San Diego City Councilmembers recently approved spending $2.2 million to turn an alley at the end of B Street leading to the Santa Fe Depot into a pedestrian corridor.
The renovation project, which has been delayed for decades, is now a reality, with construction set to begin in September to create more pedestrian-friendly access from Kettner Boulevard to the trolley and train platforms.
Currently, the 100-foot alleyway at the north end of the Santa Fe Depot baggage building that commuters walk through to enter and exit the station allows vehicle traffic, has no sidewalk and is poorly lit.
West B Street alleyway next to Santa Fe Depot. (Photo by Adrian Childress/Times of San Diego)The city promised “new paving, lighting and landscape walls” to increase pedestrian safety and improve the corridor, and it estimates project completion by May 2027, according to a city staff report.

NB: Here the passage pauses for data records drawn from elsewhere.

lemma deadbeat_invariant_step:
  assumes s: "closed_loop a \<gamma> P b w v x0 t = (x, h1, hm, l1, lm)"
    and inv: "deadbeat_invariant P (x, h1, hm, l1, lm)"
  shows "deadbeat_invariant P (closed_loop a \<gamma> P b w v x0 (Suc t))"
proof -
  define y where "y = x + v t"
  define L1 where "L1 = lupd \<gamma> P l1 h1 y"
  define Lm where "Lm = lupd \<gamma> P lm hm y"
  define F where "F = ahat a \<gamma> P * (h1 + hm) + 2 * ghat a \<gamma> P * y"
  have h1: "l1 + P / (P - 1) * h1^2 \<le> 0" and hm: "lm + P / (P - 1) * hm^2 \<le> 0"
    and zero: "h1 = 0 \<or> hm = 0"
    using inv by simp_all
  have "L1 \<le> 0" "Lm \<le> 0"
    using lupd_le[OF P_gt_1, of \<gamma> l1 h1 y] lupd_le[OF P_gt_1, of \<gamma> lm hm y] h1 hm
    unfolding L1_def Lm_def by linarith+
  have merged: "min L1 Lm + P / (P - 1) * F^2 \<le> 0"
    using zero
  proof
    assume "h1 = 0"
    then show ?thesis
      using merged_observer_cost[of l1 lm hm y] h1 hm unfolding L1_def Lm_def F_def by simp
  next
    assume "hm = 0"
    then show ?thesis
      using merged_observer_cost[of lm l1 h1 y] h1 hm unfolding L1_def Lm_def F_def
      by (simp add: min.commute)
  qed
  have step: "closed_loop a \<gamma> P b w v x0 (Suc t) =
      (a * x + b * (if L1 \<ge> Lm then - (ahat a \<gamma> P * h1 + ghat a \<gamma> P * y)
                    else ahat a \<gamma> P * hm + ghat a \<gamma> P * y) + w t,
       ahat a \<gamma> P * h1 + (if L1 \<ge> Lm then - (ahat a \<gamma> P * h1 + ghat a \<gamma> P * y)
                    else ahat a \<gamma> P * hm + ghat a \<gamma> P * y) + ghat a \<gamma> P * y,
       ahat a \<gamma> P * hm - (if L1 \<ge> Lm then - (ahat a \<gamma> P * h1 + ghat a \<gamma> P * y)
                    else ahat a \<gamma> P * hm + ghat a \<gamma> P * y) + ghat a \<gamma> P * y, L1, Lm)"
    unfolding closed_loop_Suc_eq[OF s] L1_def Lm_def y_def ..
  show ?thesis
  proof (cases "L1 \<ge> Lm")
    case True
    have "ahat a \<gamma> P * hm + (ahat a \<gamma> P * h1 + ghat a \<gamma> P * y) + ghat a \<gamma> P * y = F"
      unfolding F_def by (simp add: algebra_simps)
    then show ?thesis unfolding step using True \<open>L1 \<le> 0\<close> merged by simp
  next
    case False
    have "ahat a \<gamma> P * h1 + (ahat a \<gamma> P * hm + ghat a \<gamma> P * y) + ghat a \<gamma> P * y = F"
      unfolding F_def by (simp add: algebra_simps)
    then show ?thesis unfolding step using False \<open>Lm \<le> 0\<close> merged by simp
  qed
qed

lemma deadbeat_invariant_closed_loop: "deadbeat_invariant P (closed_loop a \<gamma> P b w v x0 t)"
proof (induction t)
  case 0
  then show ?case by simp
next
  case (Suc t)
  obtain x h1 hm l1 lm where "closed_loop a \<gamma> P b w v x0 t = (x, h1, hm, l1, lm)"
    by (metis prod_cases5)
  with Suc.IH show ?case using deadbeat_invariant_step by simp
qed

end

theorem theorem6:
  fixes a \<gamma> P b x0 :: real and w v :: "nat \<Rightarrow> real" and T :: nat
  assumes g_pos: "\<gamma> > 0"
    and P_def: "P = (1 - \<gamma>^2 * a^2) / 2 + sqrt (\<gamma>^2 * (-1 + \<gamma>^2) + (\<gamma>^2 * a^2 - 1)^2 / 4)"
    and P_gt1: "P > 1"
    and curv: "P > 2 * \<gamma> - 1"
    and strong_neg: "(P + 2 * \<gamma>^2 - 1) * (P - 1 - 2 * sqrt (\<gamma>^2 - P))^2
                       \<ge> (P - 1) * ((P + 1)^2 - 4 * \<gamma>^2)"
    and b: "b \<in> {-1, 1}"
  shows "(\<Sum>\<tau>\<in>{0..T+1}. (cl_x a \<gamma> P b w v x0 \<tau>)^2)
         - \<gamma>^2 * (\<Sum>\<tau>\<in>{0..T}. (w \<tau>)^2)
         - \<gamma>^2 * (\<Sum>\<tau>\<in>{0..T+1}. (v \<tau>)^2)
         - P * (cl_x a \<gamma> P b w v x0 0)^2 \<le> 0"
proof -
  interpret riccati_solution a \<gamma> P
    using g_pos P_gt1 riccati_of_positive_root[OF P_def P_gt1] by unfold_locales
  interpret riccati_margin a \<gamma> P
    by (rule riccati_margin_of_strong_negativity[OF curv strong_neg])
  let ?x = "cl_x a \<gamma> P b w v x0"
  let ?s = "closed_loop a \<gamma> P b w v x0 (T + 1)"
  have x0: "?x 0 = x0" by (simp add: cl_x_def)
  have "(?x (T + 1))^2 \<le> storage P b ?s"
    unfolding cl_x_def by (rule sq_le_storage[OF P_gt1 deadbeat_invariant_closed_loop])
  moreover have "storage P b ?s + (\<Sum>\<tau><T + 1. (?x \<tau>)^2 - \<gamma>^2 * (w \<tau>)^2 - \<gamma>^2 * (v \<tau>)^2) \<le> P * x0^2"
    by (rule storage_bound[OF b])
  moreover have "(\<Sum>\<tau>\<in>{0..T+1}. (?x \<tau>)^2) - \<gamma>^2 * (\<Sum>\<tau>\<in>{0..T}. (w \<tau>)^2) - \<gamma>^2 * (\<Sum>\<tau>\<in>{0..T+1}. (v \<tau>)^2)
      = (\<Sum>\<tau><T + 1. (?x \<tau>)^2 - \<gamma>^2 * (w \<tau>)^2 - \<gamma>^2 * (v \<tau>)^2) + (?x (T + 1))^2 - \<gamma>^2 * (v (T + 1))^2"
  proof -
    have "{0..T + 1} = {..<T + 2}" and "{0..T} = {..<T + 1}" by auto
    then show ?thesis by (simp add: sum_subtractf sum_distrib_left ring_distribs)
  qed
  moreover have "\<gamma>^2 * (v (T + 1))^2 \<ge> 0" by simp
  ultimately show ?thesis unfolding x0 by linarith
qed

end
lemma bhattacharyya_power_le_exp:
  assumes "i < n" "j < n"
  shows "bhattacharyya s L i j ^ m \<le> exp (- (real m * dTV s L i j ^ 2 / (2 * real s)))"
proof -
  have "bhattacharyya s L i j \<le> exp (- (dTV s L i j ^ 2 / (2 * real s)))"
    using bhattacharyya_le[OF assms] exp_ge_add_one_self[of "- (dTV s L i j ^ 2 / (2 * real s))"]
    by linarith
  then have "bhattacharyya s L i j ^ m \<le> exp (- (dTV s L i j ^ 2 / (2 * real s))) ^ m"
    using bhattacharyya_nonneg[OF assms] by (intro power_mono)
  then show ?thesis
    by (simp flip: exp_of_nat_mult)
qed

lemma sum_trans_prob_le_1: "i < n \<Longrightarrow> J \<subseteq> {..<n} \<Longrightarrow> (\<Sum>j\<in>J. trans_prob n s L p m i j) \<le> 1"
  using sum_mono2[of "{..<n}" J "trans_prob n s L p m i"] trans_prob_nonneg sum_trans_prob by auto

lemma sum_hpost_le_1: "J \<subseteq> {..<n} \<Longrightarrow> (\<Sum>j\<in>J. hpost n s L p ms t j) \<le> 1"
  using sum_mono2[of "{..<n}" J "hpost n s L p ms t"] hpost_nonneg sum_hpost by auto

The $2.2 million cost for this project will not come from the city’s general fund, but will instead be covered mainly by a property tax trust fund for city redevelopment.
This B Street Pedestrian Corridor is a project that dates back to 2002, when ownership of the Santa Fe Depot was transferred to the city, requiring the city’s redevelopment agency to install a public pathway.
After the building was sold to the Museum of Contemporary Art, the redevelopment agency was still responsible for building the pathway, with the museum obligated to contribute $150,000 toward costs.
When redevelopment agencies were dissolved by the state in 2012, construction obligations were transferred to successor agencies.
The corridor project was passed on to Civic San Diego, which was then a city-owned nonprofit that developed much of downtown. It is now reorganized as an independent public benefit company after being sued in 2019.
It wasn’t until 2024, when the City Council approved the museum’s sale of the baggage building to the University of California Regents, that the city confirmed its commitment to building the pedestrian passage and ensured the museum paid its $150,000 contribution.
Now, with an official project timeline, it seems the decades-long saga of agency changes, land sales and delayed obligations may finally be over.